Your answer is the lines below, exactly, from the one that contains "1 then 2 else" through the one that contains "unfolding swap_mat_def mmul_def", both included.

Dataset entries

※

lemma mbinom_diag_mat: "mbinom d (diag_mat d h) m = diag_mat d (\<lambda>x. h x gchoose m)"
  by (simp add: mbinom_def mfall_diag_mat msmult_diag_mat gbinomial_prod_rev atLeast0LessThan)

definition extends_by :: "nat \<Rightarrow> 'a set \<Rightarrow> 'a set \<Rightarrow> rat" where
  "extends_by n I J = (if I \<subseteq> J \<and> card (J - I) = n then 1 else 0)"

lemma sum_boole_card: "finite A \<Longrightarrow> (\<Sum>k\<in>A. if P k then 1 else 0) = (of_nat (card {k\<in>A. P k}) :: 'a::semiring_1)"
  by (simp add: sum.inter_filter[symmetric])

lemma rho_word_of:
  assumes "I \<subseteq> {..<d}" "J \<subseteq> {..<d}"
  shows "rho d x (word_of d I) (word_of d J) =
    (\<Sum>k<d. if I - {k} = J - {k} then x (if k \<in> I then 2 else 1) (if k \<in> J then 2 else 1) else 0)"
proof -
  have "(\<forall>l<d. l \<noteq> k \<longrightarrow> word_of d I ! l = word_of d J ! l) \<longleftrightarrow> I - {k} = J - {k}" for k
    using assms by (auto 0 3 split: if_splits)
  then show ?thesis
    by (auto simp: rho_def intro!: sum.cong)
qed

lemma Eop_word_of:
  assumes I: "I \<subseteq> {..<d}" and J: "J \<subseteq> {..<d}"
  shows "Eop d (word_of d I) (word_of d J) = extends_by 1 I J"
proof -
  have "Eop d (word_of d I) (word_of d J) = (\<Sum>k<d. if k \<notin> I \<and> J = insert k I then 1 else 0)"
    unfolding Eop_def rho_word_of[OF I J] by (intro sum.cong) (auto simp: matunit_def)
  also have "\<dots> = of_nat (card {k\<in>{..<d}. k \<notin> I \<and> J = insert k I})"
    by (simp add: sum_boole_card)
  also have "{k\<in>{..<d}. k \<notin> I \<and> J = insert k I} = (if I \<subseteq> J \<and> card (J - I) = 1 then J - I else {})"
  proof (cases "I \<subseteq> J \<and> card (J - I) = 1")
    case True
    then obtain k where "J - I = {k}"
      by (auto simp: card_1_singleton_iff)
    with True J show ?thesis
      by auto
  qed (auto simp: insert_Diff_if)
  finally show ?thesis
    by (auto simp: extends_by_def)
qed

lemma H2op_eq_diag_mat: "H2op d = diag_mat d of_nat"
proof (rule mat_eqI[of d])
  fix I J assume I: "I \<subseteq> {..<d}" and J: "J \<subseteq> {..<d}"
  have "H2op d (word_of d I) (word_of d J) = (\<Sum>k<d. if I = J \<and> k \<in> I then 1 else 0)"
    unfolding H2op_def rho_word_of[OF I J] by (intro sum.cong) (auto simp: matunit_def)
  also have "\<dots> = of_nat (card {k\<in>{..<d}. I = J \<and> k \<in> I})"
    by (simp add: sum_boole_card)
  also have "{k\<in>{..<d}. I = J \<and> k \<in> I} = (if I = J then I else {})"
    using I by auto
  finally show "H2op d (word_of d I) (word_of d J) = diag_mat d of_nat (word_of d I) (word_of d J)"
    using I J by (simp add: diag_mat_word_of)
qed auto

definition flip_letter :: "nat \<Rightarrow> nat" where
  "flip_letter a = (if a = 1 then 2 else if a = 2 then 1 else a)"

definition swap_mat :: "mat \<Rightarrow> mat" where
  "swap_mat M = (\<lambda>i j. M (map flip_letter i) (map flip_letter j))"

lemma flip_letter_flip_letter [simp]: "flip_letter (flip_letter a) = a"
  by (simp add: flip_letter_def)

lemma flip_letter_involution [simp]: "flip_letter \<circ> flip_letter = id"
  by (simp add: fun_eq_iff)

lemma map_flip_letter_involution [simp]: "map flip_letter (map flip_letter w) = w"
  by simp

lemma map_flip_letter_eq_iff [simp]: "map flip_letter v = map flip_letter w \<longleftrightarrow> v = w"
  by (metis map_flip_letter_involution)

lemma map_flip_letter_in_Idx [simp]: "map flip_letter w \<in> Idx d \<longleftrightarrow> w \<in> Idx d"
  by (auto simp: Idx_def flip_letter_def)

lemma map_flip_letter_word_of: "map flip_letter (word_of d S) = word_of d ({..<d} - S)"
  by (simp add: word_of_def flip_letter_def)

lemma swap_mat_word_of:
  "swap_mat M (word_of d I) (word_of d J) = M (word_of d ({..<d} - I)) (word_of d ({..<d} - J))"
  by (simp add: swap_mat_def map_flip_letter_word_of)

lemma swap_mat_swap_mat [simp]: "swap_mat (swap_mat M) = M"
  by (simp add: swap_mat_def)

lemma is_mat_swap_mat [simp]: "is_mat d (swap_mat M) \<longleftrightarrow> is_mat d M"
  unfolding is_mat_def swap_mat_def by (metis map_flip_letter_in_Idx map_flip_letter_involution)

lemma swap_mat_mmul: "swap_mat (mmul d M N) = mmul d (swap_mat M) (swap_mat N)"
  unfolding swap_mat_def mmul_def
  by (intro ext sum.reindex_bij_witness[where i = "map flip_letter" and j = "map flip_letter"]) auto

lemma swap_mat_mone [simp]: "swap_mat (mone d) = mone d"
  by (auto simp: swap_mat_def mone_def fun_eq_iff)

lemma swap_mat_madd: "swap_mat (madd M N) = madd (swap_mat M) (swap_mat N)"
  and swap_mat_mneg: "swap_mat (mneg M) = mneg (swap_mat M)"
  and swap_mat_msmult: "swap_mat (msmult c M) = msmult c (swap_mat M)"
  by (simp_all add: swap_mat_def madd_def mneg_def msmult_def)

lemma swap_mat_divpow: "swap_mat (divpow d M n) = divpow d (swap_mat M) n"
proof -
  have "swap_mat (mpow d M n) = mpow d (swap_mat M) n"
    by (induct n) (simp_all add: swap_mat_mmul)
  then show ?thesis
    by (simp add: divpow_def swap_mat_msmult)
qed

lemma swap_mat_mbinom: "swap_mat (mbinom d M n) = mbinom d (swap_mat M) n"
proof -
  have "swap_mat (mfall d M n) = mfall d (swap_mat M) n"
    by (induct n) (simp_all add: swap_mat_mmul swap_mat_madd swap_mat_mneg swap_mat_msmult)
  then show ?thesis
    by (simp add: mbinom_def swap_mat_msmult)
qed

lemma swap_mat_rho: "swap_mat (rho d x) = rho d (\<lambda>a b. x (flip_letter a) (flip_letter b))"
proof (intro ext)
  fix i j
  have flip_eq: "flip_letter a = flip_letter b \<longleftrightarrow> a = b" for a b
    by (metis flip_letter_flip_letter)
  show "swap_mat (rho d x) i j = rho d (\<lambda>a b. x (flip_letter a) (flip_letter b)) i j"
  proof (cases "i \<in> Idx d \<and> j \<in> Idx d")
    case True
    then have "length i = d" "length j = d"
      by (simp_all add: Idx_def)
    then show ?thesis
      using True by (auto simp: swap_mat_def rho_def flip_eq intro!: sum.cong)
  qed (auto simp: swap_mat_def rho_def)
qed

lemma swap_mat_Eop [simp]: "swap_mat (Eop d) = Fop d"
  and swap_mat_H2op [simp]: "swap_mat (H2op d) = H1op d"
proof -
  have "(\<lambda>a b. matunit 1 2 (flip_letter a) (flip_letter b)) = matunit 2 1"
    "(\<lambda>a b. matunit 2 2 (flip_letter a) (flip_letter b)) = matunit 1 1"
    by (auto simp: matunit_def flip_letter_def fun_eq_iff)
  then show "swap_mat (Eop d) = Fop d" "swap_mat (H2op d) = H1op d"
    by (simp_all add: Eop_def Fop_def H1op_def H2op_def swap_mat_rho)
qed

lemma swap_mat_Fop [simp]: "swap_mat (Fop d) = Eop d"
  using swap_mat_Eop[of d] by (metis swap_mat_swap_mat)

lemma swap_mat_placeperm:
  assumes "\<sigma> permutes {..<d}"
  shows "swap_mat (placeperm d \<sigma>) = placeperm d \<sigma>"
proof (intro ext)
  fix i j
  show "swap_mat (placeperm d \<sigma>) i j = placeperm d \<sigma> i j"
  proof (cases "j \<in> Idx d")
    case True
    then have "map (\<lambda>k. map flip_letter j ! \<sigma> k) [0..<d] = map flip_letter (map (\<lambda>k. j ! \<sigma> k) [0..<d])"
      using permutes_in_image[OF assms] by (auto simp: Idx_def)
    then show ?thesis
      by (simp only: swap_mat_def placeperm_def map_flip_letter_in_Idx map_flip_letter_eq_iff)
  qed (simp add: swap_mat_def placeperm_def)
qed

※

Output -
  "flip_letter a = (if a = 1 then 2 else if a = 2 then 1 else a)"

definition swap_mat :: "mat \<Rightarrow> mat" where
  "swap_mat M = (\<lambda>i j. M (map flip_letter i) (map flip_letter j))"

lemma flip_letter_flip_letter [simp]: "flip_letter (flip_letter a) = a"
  by (simp add: flip_letter_def)

lemma flip_letter_involution [simp]: "flip_letter \<circ> flip_letter = id"
  by (simp add: fun_eq_iff)

lemma map_flip_letter_involution [simp]: "map flip_letter (map flip_letter w) = w"
  by simp

lemma map_flip_letter_eq_iff [simp]: "map flip_letter v = map flip_letter w \<longleftrightarrow> v = w"
  by (metis map_flip_letter_involution)

lemma map_flip_letter_in_Idx [simp]: "map flip_letter w \<in> Idx d \<longleftrightarrow> w \<in> Idx d"
  by (auto simp: Idx_def flip_letter_def)

lemma map_flip_letter_word_of: "map flip_letter (word_of d S) = word_of d ({..<d} - S)"
  by (simp add: word_of_def flip_letter_def)

lemma swap_mat_word_of:
  "swap_mat M (word_of d I) (word_of d J) = M (word_of d ({..<d} - I)) (word_of d ({..<d} - J))"
  by (simp add: swap_mat_def map_flip_letter_word_of)

lemma swap_mat_swap_mat [simp]: "swap_mat (swap_mat M) = M"
  by (simp add: swap_mat_def)

lemma is_mat_swap_mat [simp]: "is_mat d (swap_mat M) \<longleftrightarrow> is_mat d M"
  unfolding is_mat_def swap_mat_def by (metis map_flip_letter_in_Idx map_flip_letter_involution)

lemma swap_mat_mmul: "swap_mat (mmul d M N) = mmul d (swap_mat M) (swap_mat N)"
  unfolding swap_mat_def mmul_def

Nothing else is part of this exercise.